[[ DATA TO EXAMINE, beginning ]]

(* Let $(R,\mathfrak m)$ be a one-dimensional Cohen–Macaulay local ring, let $I$ be an $\mathfrak m$-primary ideal of $R$, and let $x\in\mathfrak m$ be a parameter of $R$. (i) If $R/x^nI$ is a Gorenstein ring for some $n\ge 1$, then $R/I$ is a Gorenstein ring and $(x^nI:_R\mathfrak m)=x^n(I:_R\mathfrak m)$. (ii) Assume that $I\subset xR$. If $R/I$ is a Gorenstein ring, then $R/x^nI$ is a Gorenstein ring for all $n\ge 1$. *)

theory Defs
  imports Main "HOL-Library.Extended_Nat"
begin

text \<open>Commutative ring theory for the ring given by the whole type 'a (class comm_ring_1).
  Ideals are represented as subsets of the type.\<close>

definition is_ideal :: "'a::comm_ring_1 set \<Rightarrow> bool" where
  "is_ideal I \<longleftrightarrow> 0 \<in> I \<and> (\<forall>a\<in>I. \<forall>b\<in>I. a + b \<in> I) \<and> (\<forall>a\<in>I. \<forall>r. r * a \<in> I)"

definition ideal_gen :: "'a::comm_ring_1 set \<Rightarrow> 'a set" where
  "ideal_gen F = \<Inter>{J. is_ideal J \<and> F \<subseteq> J}"

definition prime_ideal :: "'a::comm_ring_1 set \<Rightarrow> bool" where
  "prime_ideal P \<longleftrightarrow> is_ideal P \<and> P \<noteq> UNIV \<and> (\<forall>a b. a * b \<in> P \<longrightarrow> a \<in> P \<or> b \<in> P)"

definition maximal_ideal :: "'a::comm_ring_1 set \<Rightarrow> bool" where
  "maximal_ideal M \<longleftrightarrow> is_ideal M \<and> M \<noteq> UNIV \<and>
     (\<forall>J. is_ideal J \<and> M \<subseteq> J \<longrightarrow> J = M \<or> J = UNIV)"

definition noetherian_ring :: "'a::comm_ring_1 itself \<Rightarrow> bool" where
  "noetherian_ring _ \<longleftrightarrow> (\<forall>I::'a set. is_ideal I \<longrightarrow> (\<exists>F. finite F \<and> I = ideal_gen F))"

definition local_ring_max :: "'a::comm_ring_1 set \<Rightarrow> bool" where
  "local_ring_max m \<longleftrightarrow> maximal_ideal m \<and> (\<forall>M. maximal_ideal M \<longrightarrow> M = m)"

text \<open>Krull dimension of R/J: supremum of lengths of chains of primes containing J.\<close>
definition ideal_dim :: "'a::comm_ring_1 set \<Rightarrow> enat" where
  "ideal_dim J = Sup {enat n | n. \<exists>P::nat \<Rightarrow> 'a set.
      (\<forall>i\<le>n. prime_ideal (P i) \<and> J \<subseteq> P i) \<and> (\<forall>i<n. P i \<subset> P (Suc i))}"

definition principal :: "'a::comm_ring_1 \<Rightarrow> 'a set" where
  "principal x = {x * r | r. True}"

definition scale_ideal :: "'a::comm_ring_1 \<Rightarrow> 'a set \<Rightarrow> 'a set" where
  "scale_ideal a J = {a * j | j. j \<in> J}"

definition colon :: "'a::comm_ring_1 set \<Rightarrow> 'a set \<Rightarrow> 'a set" where
  "colon I m = {r. \<forall>a\<in>m. r * a \<in> I}"

definition radical :: "'a::comm_ring_1 set \<Rightarrow> 'a set" where
  "radical I = {a. \<exists>n. a ^ n \<in> I}"

definition m_primary :: "'a::comm_ring_1 set \<Rightarrow> 'a set \<Rightarrow> bool" where
  "m_primary m I \<longleftrightarrow> is_ideal I \<and> I \<noteq> UNIV \<and> radical I = m"

definition regular_seq :: "'a::comm_ring_1 set \<Rightarrow> 'a list \<Rightarrow> bool" where
  "regular_seq m xs \<longleftrightarrow> set xs \<subseteq> m \<and> ideal_gen (set xs) \<noteq> UNIV \<and>
     (\<forall>i<length xs. \<forall>y. xs ! i * y \<in> ideal_gen (set (take i xs)) \<longrightarrow> y \<in> ideal_gen (set (take i xs)))"

definition depth :: "'a::comm_ring_1 set \<Rightarrow> enat" where
  "depth m = Sup {enat (length xs) | xs. regular_seq m xs}"

definition cohen_macaulay :: "'a::comm_ring_1 set \<Rightarrow> bool" where
  "cohen_macaulay m \<longleftrightarrow> depth m = ideal_dim ({0} :: 'a set)"

definition parameter :: "'a::comm_ring_1 set \<Rightarrow> 'a \<Rightarrow> bool" where
  "parameter m x \<longleftrightarrow> x \<in> m \<and> ideal_dim (principal x) + 1 = ideal_dim ({0} :: 'a set)"

text \<open>R/J (J an m-primary ideal, so R/J is an Artinian local ring) is Gorenstein:
  its socle (J : m)/J is a simple module, i.e. a one-dimensional R/m-vector space.\<close>
definition gorenstein_quot :: "'a::comm_ring_1 set \<Rightarrow> 'a set \<Rightarrow> bool" where
  "gorenstein_quot m J \<longleftrightarrow> J \<subset> colon J m \<and>
     (\<forall>K. is_ideal K \<and> J \<subseteq> K \<and> K \<subseteq> colon J m \<longrightarrow> K = J \<or> K = colon J m)"

end

theory Submission
  imports Defs
begin

text \<open>
  A parameter x of a one-dimensional Cohen--Macaulay local ring is a non-zero-divisor: some power
  of a regular element of m lies in xR, since otherwise a prime containing xR and avoiding that
  element would sit strictly below m. For a non-zero-divisor a, the map J \<mapsto> aJ is an order
  embedding of ideals, so whenever (aJ : m) = a(J : m) it identifies the interval of ideals between
  aJ and (aJ : m) with the one between J and (J : m); R/J is Gorenstein exactly when this interval
  has no ideals besides its end points. Such an equality holds in both situations of the theorem:
  in (i) because a(I : m) is an ideal strictly between aI and (aI : m) in a Gorenstein quotient
  (using that the socle of R/I is nonzero), and in (ii) because rx \<in> aI \<subseteq> axR lets one cancel x.
\<close>

definition nonzerodivisor :: "'a::comm_ring_1 \<Rightarrow> bool" where
  "nonzerodivisor a \<longleftrightarrow> (\<forall>y. a * y = 0 \<longrightarrow> y = 0)"

lemma nonzerodivisor_power:
  assumes "nonzerodivisor a"
  shows "nonzerodivisor (a ^ n)"
  using assms unfolding nonzerodivisor_def
  by (induction n) (simp, metis mult.assoc power_Suc)

lemma nonzerodivisor_mult_cancel:
  "nonzerodivisor a \<Longrightarrow> a * r = a * s \<Longrightarrow> r = s"
  unfolding nonzerodivisor_def by (metis eq_iff_diff_eq_0 right_diff_distrib)

lemma is_ideal_0: "is_ideal I \<Longrightarrow> 0 \<in> I"
  by (simp add: is_ideal_def)

lemma is_ideal_add: "is_ideal I \<Longrightarrow> a \<in> I \<Longrightarrow> b \<in> I \<Longrightarrow> a + b \<in> I"
  by (simp add: is_ideal_def)

lemma is_ideal_mult_left: "is_ideal I \<Longrightarrow> a \<in> I \<Longrightarrow> r * a \<in> I"
  by (simp add: is_ideal_def)

lemma is_ideal_mult_right: "is_ideal I \<Longrightarrow> a \<in> I \<Longrightarrow> a * r \<in> I"
  by (metis is_ideal_mult_left mult.commute)

lemma is_ideal_one_iff: "is_ideal I \<Longrightarrow> 1 \<in> I \<longleftrightarrow> I = UNIV"
  by (metis UNIV_I is_ideal_mult_left mult.right_neutral subsetI subset_antisym)

lemma is_ideal_mult_preimage:
  assumes "is_ideal K"
  shows "is_ideal {s. a * s \<in> K}"
  using assms unfolding is_ideal_def by (simp add: distrib_left mult.left_commute)

lemma is_ideal_add_principal:
  assumes "is_ideal P"
  shows "is_ideal {p + r * a | p r. p \<in> P}"
  unfolding is_ideal_def
proof (intro conjI ballI allI)
  show "0 \<in> {p + r * a | p r. p \<in> P}"
    using is_ideal_0[OF assms] by (intro CollectI exI[of _ 0] exI[of _ 0]) simp
next
  fix u v assume "u \<in> {p + r * a | p r. p \<in> P}" "v \<in> {p + r * a | p r. p \<in> P}"
  then obtain p r q s where "u = p + r * a" "v = q + s * a" "p \<in> P" "q \<in> P" by blast
  then show "u + v \<in> {p + r * a | p r. p \<in> P}"
    by (intro CollectI exI[of _ "p + q"] exI[of _ "r + s"])
      (auto simp: algebra_simps is_ideal_add[OF assms])
next
  fix u t assume "u \<in> {p + r * a | p r. p \<in> P}"
  then obtain p r where "u = p + r * a" "p \<in> P" by blast
  then have "t * u = t * p + (t * r) * a" "t * p \<in> P"
    using is_ideal_mult_left[OF assms] by (auto simp: algebra_simps)
  then show "t * u \<in> {p + r * a | p r. p \<in> P}" by blast
qed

[[ DATA TO EXAMINE, end ]]

As the answer, set down only the lines from the data above between the one holding "(length xs) |" and the one holding "m x \<longleftrightarrow>", inclusive, exactly as they read.

→ **RESULT OF THE TASK**
  "depth m = Sup {enat (length xs) | xs. regular_seq m xs}"

definition cohen_macaulay :: "'a::comm_ring_1 set \<Rightarrow> bool" where
  "cohen_macaulay m \<longleftrightarrow> depth m = ideal_dim ({0} :: 'a set)"

definition parameter :: "'a::comm_ring_1 set \<Rightarrow> 'a \<Rightarrow> bool" where
  "parameter m x \<longleftrightarrow> x \<in> m \<and> ideal_dim (principal x) + 1 = ideal_dim ({0} :: 'a set)"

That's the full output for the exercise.